The system has been working really well for us.

But, my wife doesn’t have a smart phone …

Since my wife’s phone isn’t as intelligent as mine, she sends me a text any time she spends money.  As soon as I get the text, that is my cue to immediately enter the purchase into the budget.

What we’re doing with receipts now …

If we purchase non-potentially returnable items (i.e. groceries or gas), we just throw away the receipt.  However, anytime we purchase an item of clothing or other household item, we put the receipt in an envelope marked with the current month.  That way if we ever have issues that require a receipt, it’ll be easy to find.

By the way, for gas, we also record everything (gas purchases and maintenance) in the Gas Cubby app.  This way we can easily track our mileage and total vehicle costs.

It’s been so easy that I’m kind of frustrated it took so long to realize there is a very simple, yet effective way to budget.

If you’re having trouble keeping up with your budget, try a system that forces you to enter the expense the very moment you spend money.

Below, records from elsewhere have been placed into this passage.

lemma conj_proj:
  assumes "U \<in> carrier_mat d d"
  shows "U * proj d x * dagger U = proj d (mat_app d U x)"
proof (rule eq_matI)
  fix i j assume "i < dim_row (proj d (mat_app d U x))" "j < dim_col (proj d (mat_app d U x))"
  then have "i < d" "j < d" by (simp_all add: proj_def)
  have row: "(U * proj d x) $$ (i,l) = mat_app d U x i * cnj (x l)" if "l < d" for l
    using assms \<open>i < d\<close> that
    by (simp add: proj_def mat_app_def scalar_prod_def lessThan_atLeast0 sum_distrib_right mult.assoc)
  have "(U * proj d x * dagger U) $$ (i,j) = (\<Sum>l<d. (U * proj d x) $$ (i,l) * cnj (U $$ (j,l)))"
    using assms \<open>i < d\<close> \<open>j < d\<close> by (simp add: dagger_def scalar_prod_def lessThan_atLeast0 proj_def)
  also have "\<dots> = mat_app d U x i * cnj (mat_app d U x j)"
    by (simp add: row mat_app_def sum_distrib_left mult_ac)
  finally show "(U * proj d x * dagger U) $$ (i,j) = proj d (mat_app d U x) $$ (i,j)"
    using \<open>i < d\<close> \<open>j < d\<close> by (simp add: proj_def)
qed (use assms in \<open>simp_all add: proj_def dagger_def\<close>)

lemma mtrace_mult_proj:
  assumes "P \<in> carrier_mat d d"
  shows "mtrace (P * proj d x) = expval d P x"
proof -
  have "mtrace (P * proj d x) = (\<Sum>i<d. \<Sum>j<d. P $$ (i,j) * (x j * cnj (x i)))"
    using assms by (simp add: mtrace_def proj_def scalar_prod_def lessThan_atLeast0)
  also have "\<dots> = expval d P x"
    by (simp add: expval_def cinner_def mat_app_def sum_distrib_left mult_ac)
  finally show ?thesis .
qed

lemma expval_eq_sum: "expval d P x = (\<Sum>i<d. \<Sum>j<d. cnj (x i) * P $$ (i,j) * x j)"
  by (simp add: expval_def cinner_def mat_app_def sum_distrib_left mult.assoc)

lemma cnj_expval:
  assumes "\<And>i j. i < d \<Longrightarrow> j < d \<Longrightarrow> cnj (P $$ (j,i)) = P $$ (i,j)"
  shows "cnj (expval d P x) = expval d P x"
proof -
  have "cnj (expval d P x) = (\<Sum>i<d. \<Sum>j<d. cnj (x j) * P $$ (j,i) * x i)"
    unfolding expval_eq_sum cnj_sum by (intro sum.cong refl) (simp add: assms mult_ac)
  also have "\<dots> = expval d P x"
    unfolding expval_eq_sum by (rule sum.swap)
  finally show ?thesis .
qed

lemma cmod_expval_le:
  assumes "orthonormal_cols d P" "vnorm d x = 1"
  shows "cmod (expval d P x) \<le> 1"
  using cmod_cinner_le[of d x "mat_app d P x"] assms
  by (simp add: expval_def vnorm_mat_app)

section \<open>Pauli strings\<close>

lemma dim_pauli [simp]: "dim_row (pauli a) = 2" "dim_col (pauli a) = 2"
  by (simp_all add: pauli_def mat_of_rows_list_def)

lemma sum_lessThan_2: "(\<Sum>i<2::nat. f i) = f 0 + (f 1 :: 'a::comm_monoid_add)"
  by (simp add: eval_nat_numeral)

lemma sum_lessThan_4: "(\<Sum>i<4::nat. f i) = f 0 + f 1 + f 2 + (f 3 :: 'a::comm_monoid_add)"
  by (simp add: eval_nat_numeral add.assoc)

lemma pauli_hermitian: "i < 2 \<Longrightarrow> j < 2 \<Longrightarrow> cnj (pauli a $$ (j,i)) = pauli a $$ (i,j)"
  by (auto simp: pauli_def mat_of_rows_list_def less_2_cases_iff)

lemma pauli_involutive:
  "i < 2 \<Longrightarrow> j < 2 \<Longrightarrow> (\<Sum>q<2. pauli a $$ (i,q) * pauli a $$ (q,j)) = (if i = j then 1 else 0)"
  by (auto simp: pauli_def mat_of_rows_list_def less_2_cases_iff sum_lessThan_2)

lemma pauli_0_index: "i < 2 \<Longrightarrow> j < 2 \<Longrightarrow> pauli 0 $$ (i,j) = (if i = j then 1 else 0)"
  by (auto simp: pauli_def mat_of_rows_list_def less_2_cases_iff)

lemma pauli_completeness:
  "i < 2 \<Longrightarrow> j < 2 \<Longrightarrow> k < 2 \<Longrightarrow> l < 2 \<Longrightarrow>
   (\<Sum>a<4. pauli a $$ (i,j) * pauli a $$ (k,l)) = (if i = l \<and> j = k then 2 else 0)"
  by (auto simp: pauli_def mat_of_rows_list_def less_2_cases_iff sum_lessThan_4)

lemma pauli_trace_orthogonal:
  "a < 4 \<Longrightarrow> b < 4 \<Longrightarrow> (\<Sum>p<2. \<Sum>q<2. pauli a $$ (q,p) * pauli b $$ (p,q)) = (if a = b then 2 else 0)"
  by (auto simp: pauli_def mat_of_rows_list_def sum_lessThan_2 eval_nat_numeral less_Suc_eq)

lemma sum_lessThan_mult:
  fixes m :: nat
  shows "(\<Sum>i<k * m. f i) = (\<Sum>p<k. \<Sum>r<m. f (p * m + r))"
proof -
  have "bij_betw (\<lambda>(p,r). p * m + r) ({..<k} \<times> {..<m}) {..<k * m}"
  proof (rule bij_betwI[where g = "\<lambda>i. (i div m, i mod m)"])
    show "(\<lambda>(p,r). p * m + r) \<in> {..<k} \<times> {..<m} \<rightarrow> {..<k * m}"
    proof
      fix x assume "x \<in> {..<k} \<times> {..<m}"
      then obtain p r where "x = (p, r)" "p < k" "r < m" by auto
      moreover have "p * m + r < (p + 1) * m" using \<open>r < m\<close> by simp
      moreover have "(p + 1) * m \<le> k * m" using \<open>p < k\<close> by (intro mult_right_mono) auto
      ultimately show "(\<lambda>(p,r). p * m + r) x \<in> {..<k * m}" by auto
    qed
    show "(\<lambda>i. (i div m, i mod m)) \<in> {..<k * m} \<rightarrow> {..<k} \<times> {..<m}"
      by (cases "m = 0") (auto simp: less_mult_imp_div_less)
  qed auto
  then have "(\<Sum>i<k * m. f i) = (\<Sum>x\<in>{..<k} \<times> {..<m}. f ((\<lambda>(p,r). p * m + r) x))"
    by (rule sum.reindex_bij_betw[symmetric])
  also have "\<dots> = (\<Sum>p<k. \<Sum>r<m. f (p * m + r))"
    by (simp add: sum.cartesian_product split_def)
  finally show ?thesis .
qed

lemma sum_interleaved_product:
  fixes f :: "'a \<Rightarrow> 'a \<Rightarrow> 'c::semiring_0" and g :: "'b \<Rightarrow> 'b \<Rightarrow> 'c"
  shows "(\<Sum>p\<in>A. \<Sum>r\<in>B. \<Sum>q\<in>A. \<Sum>s\<in>B. f p q * g r s)
    = (\<Sum>p\<in>A. \<Sum>q\<in>A. f p q) * (\<Sum>r\<in>B. \<Sum>s\<in>B. g r s)"
proof -
  have "(\<Sum>p\<in>A. \<Sum>r\<in>B. \<Sum>q\<in>A. \<Sum>s\<in>B. f p q * g r s)
      = (\<Sum>p\<in>A. \<Sum>q\<in>A. \<Sum>r\<in>B. \<Sum>s\<in>B. f p q * g r s)"
    by (intro sum.cong refl sum.swap)
  also have "\<dots> = (\<Sum>p\<in>A. \<Sum>q\<in>A. f p q * (\<Sum>r\<in>B. \<Sum>s\<in>B. g r s))"
    by (simp only: sum_distrib_left)
  also have "\<dots> = (\<Sum>p\<in>A. \<Sum>q\<in>A. f p q) * (\<Sum>r\<in>B. \<Sum>s\<in>B. g r s)"
    by (simp only: sum_distrib_right)
  finally show ?thesis .
qed

lemma block_index_cases:
  fixes i m :: nat
  assumes "i < k * m"
  obtains p r where "i = p * m + r" "p < k" "r < m"
proof
  show "i = i div m * m + i mod m" by simp
  show "i div m < k" using assms by (simp add: less_mult_imp_div_less)
  show "i mod m < m" using assms by (cases "m = 0") auto
qed

lemma block_index_eq_iff:
  fixes m :: nat
  assumes "r < m" "s < m"
  shows "p * m + r = q * m + s \<longleftrightarrow> p = q \<and> r = s"
proof
  assume eq: "p * m + r = q * m + s"
  have "m \<noteq> 0"
    using assms by simp
  then have "p = q"
    using arg_cong[OF eq, of "\<lambda>i. i div m"] assms by simp
  with eq show "p = q \<and> r = s"
    by simp
qed simp

lemma pauli_string_Cons: "pauli_string (a # xs) = kron (pauli a) (pauli_string xs)"
  by (simp add: pauli_string_def)

lemma dim_pauli_string [simp]:
  "dim_row (pauli_string xs) = 2 ^ length xs" "dim_col (pauli_string xs) = 2 ^ length xs"
  by (induction xs) (simp_all add: pauli_string_Cons kron_def pauli_string_def[of "[]"])

lemma pauli_string_carrier: "pauli_string xs \<in> carrier_mat (2 ^ length xs) (2 ^ length xs)"
  by (rule carrier_matI) simp_all

lemma pauli_string_Nil_index: "pauli_string [] $$ (0,0) = 1"
  by (simp add: pauli_string_def)

lemma pauli_string_Cons_block_index:
  assumes "r < 2 ^ length xs" "s < 2 ^ length xs" "p < 2" "q < 2"
  shows "pauli_string (a # xs) $$ (p * 2 ^ length xs + r, q * 2 ^ length xs + s) =
    pauli a $$ (p, q) * pauli_string xs $$ (r, s)"
proof -
  have "p * 2 ^ length xs + r < 2 * 2 ^ length xs" "q * 2 ^ length xs + s < 2 * 2 ^ length xs"
    using assms by (auto simp: less_2_cases_iff)
  then show ?thesis
    using assms by (simp add: pauli_string_Cons kron_def)
qed

lemma pauli_string_hermitian:
  "i < 2 ^ length xs \<Longrightarrow> j < 2 ^ length xs \<Longrightarrow>
   cnj (pauli_string xs $$ (j,i)) = pauli_string xs $$ (i,j)"
proof (induction xs arbitrary: i j)
  case Nil
  then show ?case by (simp add: pauli_string_Nil_index)
next
  case (Cons a xs)
  obtain p r where i: "i = p * 2 ^ length xs + r" "p < 2" "r < 2 ^ length xs"
    using Cons.prems(1) by (auto elim: block_index_cases)
  obtain q s where j: "j = q * 2 ^ length xs + s" "q < 2" "s < 2 ^ length xs"
    using Cons.prems(2) by (auto elim: block_index_cases)
  show ?case
    unfolding i(1) j(1) using i j
    by (simp add: pauli_string_Cons_block_index pauli_hermitian Cons.IH)
qed

lemma pauli_string_involutive:
  "i < 2 ^ length xs \<Longrightarrow> k < 2 ^ length xs \<Longrightarrow>
   (\<Sum>j<2 ^ length xs. pauli_string xs $$ (i,j) * pauli_string xs $$ (j,k)) = (if i = k then 1 else 0)"
proof (induction xs arbitrary: i k)
  case Nil
  then show ?case by (simp add: pauli_string_Nil_index)
next
  case (Cons a xs)
  define m :: nat where "m = 2 ^ length xs"
  let ?P = "pauli_string xs"
  obtain p r where i: "i = p * m + r" "p < 2" "r < m"
    using Cons.prems(1) by (auto simp: m_def elim: block_index_cases)
  obtain q s where k: "k = q * m + s" "q < 2" "s < m"
    using Cons.prems(2) by (auto simp: m_def elim: block_index_cases)
  have "(\<Sum>j<2 ^ length (a # xs). pauli_string (a # xs) $$ (i,j) * pauli_string (a # xs) $$ (j,k))
      = (\<Sum>t<2. \<Sum>u<m. pauli a $$ (p, t) * pauli a $$ (t, q) * (?P $$ (r, u) * ?P $$ (u, s)))"
    unfolding sum_lessThan_mult length_Cons power_Suc m_def[symmetric] i(1) k(1)
    using i k by (intro sum.cong refl) (simp add: m_def pauli_string_Cons_block_index mult_ac)
  also have "\<dots> = (\<Sum>t<2. pauli a $$ (p, t) * pauli a $$ (t, q)) * (\<Sum>u<m. ?P $$ (r, u) * ?P $$ (u, s))"
    by (simp add: sum_product)
  also have "\<dots> = (if i = k then 1 else 0)"
    using i k by (simp add: pauli_involutive Cons.IH m_def block_index_eq_iff)
  finally show ?case .
qed

lemma pauli_string_replicate_0_index:
  "i < 2 ^ n \<Longrightarrow> j < 2 ^ n \<Longrightarrow> pauli_string (replicate n 0) $$ (i,j) = (if i = j then 1 else 0)"
proof (induction n arbitrary: i j)
  case 0
  then show ?case by (simp add: pauli_string_Nil_index)
next
  case (Suc n)
  obtain p r where i: "i = p * 2 ^ n + r" "p < 2" "r < 2 ^ n"
    using Suc.prems(1) by (auto elim: block_index_cases)
  obtain q s where j: "j = q * 2 ^ n + s" "q < 2" "s < 2 ^ n"
    using Suc.prems(2) by (auto elim: block_index_cases)
  show ?case
    unfolding i(1) j(1) using i j pauli_string_Cons_block_index[of r "replicate n 0" s p q 0]
    by (simp add: pauli_0_index Suc.IH block_index_eq_iff)
qed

Do you use your Smart Phone for budgeting?  Do you have a favorite app you want to suggest?  Do you have any additional tips?


  1. says

    I log in to my bank website as well as my credit card websites 4-5 times per week and log everything. This is along the same lines as what you’re advising. Doing so makes sure I that I track everything according to the category, it lets me spot any potential fraud transactions, and it also makes sure to let me know how much spending we’re done so that we don’t get surprised at the end of the month.

  2. says

    Good tip. It also works well for some chores. Rather than letting the dishes build up in the sink, wash the two or three things you have, dry them, and put them away. Many chores are more easily done in small parts that take just a few minutes rather than clumped together into an overwhelming hour.

  3. Monica says

    To be honest, I do not understand why so many people think that budgeting is a really difficult process. It is so not true. Well it might be a bit challenging but for just a few first days, then everything gets normal. When I started setting my budget (I simply needed to pay of my money loans) it was not that easy as I had to make some major spending cuts…but once I saw results everything stabilized. The budgeting tips you give here is priceless. I wish more people were able to understand the importance of staying frugal these days. Thanx for sharing this post

    • says

      Budgeting is like all of finances, easy to understand and hard to implement. Finances is about behavior not knowledge. As we develop healthy habits our finances will improve.

  4. says

    This blog is unique to me Craig as the concept of using my smartphone for budgeting never came to me earlier. I’ll surely try the Toshl app you mentioned. Thanks for this informative post.